BEGIN The input

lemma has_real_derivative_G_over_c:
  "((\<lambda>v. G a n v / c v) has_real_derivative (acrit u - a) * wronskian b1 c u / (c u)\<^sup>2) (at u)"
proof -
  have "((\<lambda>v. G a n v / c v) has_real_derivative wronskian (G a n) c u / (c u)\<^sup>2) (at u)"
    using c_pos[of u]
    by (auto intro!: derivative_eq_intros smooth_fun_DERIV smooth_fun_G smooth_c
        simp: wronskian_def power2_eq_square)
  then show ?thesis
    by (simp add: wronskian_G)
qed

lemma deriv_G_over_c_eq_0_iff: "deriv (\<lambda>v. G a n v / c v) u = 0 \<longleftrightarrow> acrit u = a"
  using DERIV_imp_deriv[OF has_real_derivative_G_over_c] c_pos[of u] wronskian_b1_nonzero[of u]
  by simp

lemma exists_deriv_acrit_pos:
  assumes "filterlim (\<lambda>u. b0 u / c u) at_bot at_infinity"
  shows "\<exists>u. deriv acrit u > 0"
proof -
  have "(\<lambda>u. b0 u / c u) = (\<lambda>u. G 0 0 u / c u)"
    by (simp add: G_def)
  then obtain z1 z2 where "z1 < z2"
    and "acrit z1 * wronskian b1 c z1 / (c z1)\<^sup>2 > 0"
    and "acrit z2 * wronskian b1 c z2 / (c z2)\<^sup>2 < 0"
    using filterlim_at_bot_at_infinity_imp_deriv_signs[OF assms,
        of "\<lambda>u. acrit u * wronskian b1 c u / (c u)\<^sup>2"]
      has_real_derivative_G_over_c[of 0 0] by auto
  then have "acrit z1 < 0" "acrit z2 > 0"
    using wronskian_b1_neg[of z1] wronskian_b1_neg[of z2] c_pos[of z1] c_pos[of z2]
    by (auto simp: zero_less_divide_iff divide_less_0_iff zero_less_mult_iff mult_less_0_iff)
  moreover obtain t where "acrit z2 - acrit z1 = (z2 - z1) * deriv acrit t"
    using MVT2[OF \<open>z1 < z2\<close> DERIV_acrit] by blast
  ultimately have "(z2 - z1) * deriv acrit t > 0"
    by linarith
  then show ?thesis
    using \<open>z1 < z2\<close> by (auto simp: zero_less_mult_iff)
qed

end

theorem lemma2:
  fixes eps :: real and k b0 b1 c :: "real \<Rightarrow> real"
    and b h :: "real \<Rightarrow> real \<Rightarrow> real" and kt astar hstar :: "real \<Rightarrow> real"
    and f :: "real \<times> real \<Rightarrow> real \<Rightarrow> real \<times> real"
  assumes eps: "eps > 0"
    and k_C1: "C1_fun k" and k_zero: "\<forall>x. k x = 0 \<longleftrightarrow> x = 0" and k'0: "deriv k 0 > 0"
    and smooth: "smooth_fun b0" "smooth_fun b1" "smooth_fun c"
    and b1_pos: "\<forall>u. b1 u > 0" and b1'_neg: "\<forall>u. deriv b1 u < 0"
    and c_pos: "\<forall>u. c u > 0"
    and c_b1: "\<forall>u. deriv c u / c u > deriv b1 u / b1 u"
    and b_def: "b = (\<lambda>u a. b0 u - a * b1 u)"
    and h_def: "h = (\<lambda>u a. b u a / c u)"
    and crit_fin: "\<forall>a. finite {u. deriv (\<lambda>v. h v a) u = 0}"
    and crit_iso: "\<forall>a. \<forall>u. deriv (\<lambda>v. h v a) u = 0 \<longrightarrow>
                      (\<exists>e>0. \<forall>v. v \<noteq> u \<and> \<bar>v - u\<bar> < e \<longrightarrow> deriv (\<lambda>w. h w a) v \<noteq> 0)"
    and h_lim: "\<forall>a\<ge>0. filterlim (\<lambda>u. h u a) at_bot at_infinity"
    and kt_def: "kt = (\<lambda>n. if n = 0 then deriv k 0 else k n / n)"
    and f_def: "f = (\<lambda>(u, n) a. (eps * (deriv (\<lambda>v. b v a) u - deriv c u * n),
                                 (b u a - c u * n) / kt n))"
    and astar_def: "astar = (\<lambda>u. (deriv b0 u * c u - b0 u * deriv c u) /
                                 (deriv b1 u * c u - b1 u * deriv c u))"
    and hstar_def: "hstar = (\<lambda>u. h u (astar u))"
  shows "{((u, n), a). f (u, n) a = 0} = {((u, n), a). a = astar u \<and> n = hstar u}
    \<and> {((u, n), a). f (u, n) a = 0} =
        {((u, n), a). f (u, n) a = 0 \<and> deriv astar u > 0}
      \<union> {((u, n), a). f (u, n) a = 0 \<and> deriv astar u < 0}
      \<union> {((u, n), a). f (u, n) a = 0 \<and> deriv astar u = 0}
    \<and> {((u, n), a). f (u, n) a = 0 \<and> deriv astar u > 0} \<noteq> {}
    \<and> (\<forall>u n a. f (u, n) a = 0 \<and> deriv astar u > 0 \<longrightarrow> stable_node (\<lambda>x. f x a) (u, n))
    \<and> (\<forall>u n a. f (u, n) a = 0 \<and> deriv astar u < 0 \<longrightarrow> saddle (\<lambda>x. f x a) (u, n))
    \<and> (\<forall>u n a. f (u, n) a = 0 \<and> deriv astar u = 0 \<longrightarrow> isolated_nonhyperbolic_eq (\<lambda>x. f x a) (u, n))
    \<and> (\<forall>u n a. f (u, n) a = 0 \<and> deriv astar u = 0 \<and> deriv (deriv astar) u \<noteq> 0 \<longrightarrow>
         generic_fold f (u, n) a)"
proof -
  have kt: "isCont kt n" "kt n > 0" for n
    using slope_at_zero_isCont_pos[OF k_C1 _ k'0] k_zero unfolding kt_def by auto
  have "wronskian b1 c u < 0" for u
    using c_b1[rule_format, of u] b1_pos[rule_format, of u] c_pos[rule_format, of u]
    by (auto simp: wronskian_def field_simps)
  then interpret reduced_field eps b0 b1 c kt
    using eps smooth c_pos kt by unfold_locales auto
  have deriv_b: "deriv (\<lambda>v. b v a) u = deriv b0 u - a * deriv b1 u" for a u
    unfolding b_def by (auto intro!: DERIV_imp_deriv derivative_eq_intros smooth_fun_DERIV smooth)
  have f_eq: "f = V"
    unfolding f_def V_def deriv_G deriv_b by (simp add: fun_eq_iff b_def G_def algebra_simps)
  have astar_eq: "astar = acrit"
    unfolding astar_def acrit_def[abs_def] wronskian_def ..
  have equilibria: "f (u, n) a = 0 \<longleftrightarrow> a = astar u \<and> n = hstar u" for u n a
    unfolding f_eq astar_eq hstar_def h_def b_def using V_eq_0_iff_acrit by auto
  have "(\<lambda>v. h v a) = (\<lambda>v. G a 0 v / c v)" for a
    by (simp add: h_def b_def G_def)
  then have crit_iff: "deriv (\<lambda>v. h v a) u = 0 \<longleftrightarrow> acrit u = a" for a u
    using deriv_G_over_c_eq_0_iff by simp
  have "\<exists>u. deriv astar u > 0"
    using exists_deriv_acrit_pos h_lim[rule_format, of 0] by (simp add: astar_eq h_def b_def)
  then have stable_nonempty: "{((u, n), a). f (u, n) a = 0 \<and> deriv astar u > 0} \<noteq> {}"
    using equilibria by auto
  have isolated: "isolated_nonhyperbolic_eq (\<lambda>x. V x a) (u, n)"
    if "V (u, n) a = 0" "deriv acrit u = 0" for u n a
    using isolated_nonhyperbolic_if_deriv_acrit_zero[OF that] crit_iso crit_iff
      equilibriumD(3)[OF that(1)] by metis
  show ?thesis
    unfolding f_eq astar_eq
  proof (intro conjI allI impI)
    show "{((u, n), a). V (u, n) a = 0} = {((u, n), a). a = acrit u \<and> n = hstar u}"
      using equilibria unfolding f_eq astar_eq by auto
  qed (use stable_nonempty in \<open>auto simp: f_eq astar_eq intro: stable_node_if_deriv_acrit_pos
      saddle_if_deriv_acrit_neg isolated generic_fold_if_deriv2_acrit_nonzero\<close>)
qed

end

END The input

**Instructions for the task:** Output the data exactly, from the first line through the line that holds "using wronskian_b1_neg[of z1]", so that no later line appears.

**Task solution:**
lemma has_real_derivative_G_over_c:
  "((\<lambda>v. G a n v / c v) has_real_derivative (acrit u - a) * wronskian b1 c u / (c u)\<^sup>2) (at u)"
proof -
  have "((\<lambda>v. G a n v / c v) has_real_derivative wronskian (G a n) c u / (c u)\<^sup>2) (at u)"
    using c_pos[of u]
    by (auto intro!: derivative_eq_intros smooth_fun_DERIV smooth_fun_G smooth_c
        simp: wronskian_def power2_eq_square)
  then show ?thesis
    by (simp add: wronskian_G)
qed

lemma deriv_G_over_c_eq_0_iff: "deriv (\<lambda>v. G a n v / c v) u = 0 \<longleftrightarrow> acrit u = a"
  using DERIV_imp_deriv[OF has_real_derivative_G_over_c] c_pos[of u] wronskian_b1_nonzero[of u]
  by simp

lemma exists_deriv_acrit_pos:
  assumes "filterlim (\<lambda>u. b0 u / c u) at_bot at_infinity"
  shows "\<exists>u. deriv acrit u > 0"
proof -
  have "(\<lambda>u. b0 u / c u) = (\<lambda>u. G 0 0 u / c u)"
    by (simp add: G_def)
  then obtain z1 z2 where "z1 < z2"
    and "acrit z1 * wronskian b1 c z1 / (c z1)\<^sup>2 > 0"
    and "acrit z2 * wronskian b1 c z2 / (c z2)\<^sup>2 < 0"
    using filterlim_at_bot_at_infinity_imp_deriv_signs[OF assms,
        of "\<lambda>u. acrit u * wronskian b1 c u / (c u)\<^sup>2"]
      has_real_derivative_G_over_c[of 0 0] by auto
  then have "acrit z1 < 0" "acrit z2 > 0"
    using wronskian_b1_neg[of z1] wronskian_b1_neg[of z2] c_pos[of z1] c_pos[of z2]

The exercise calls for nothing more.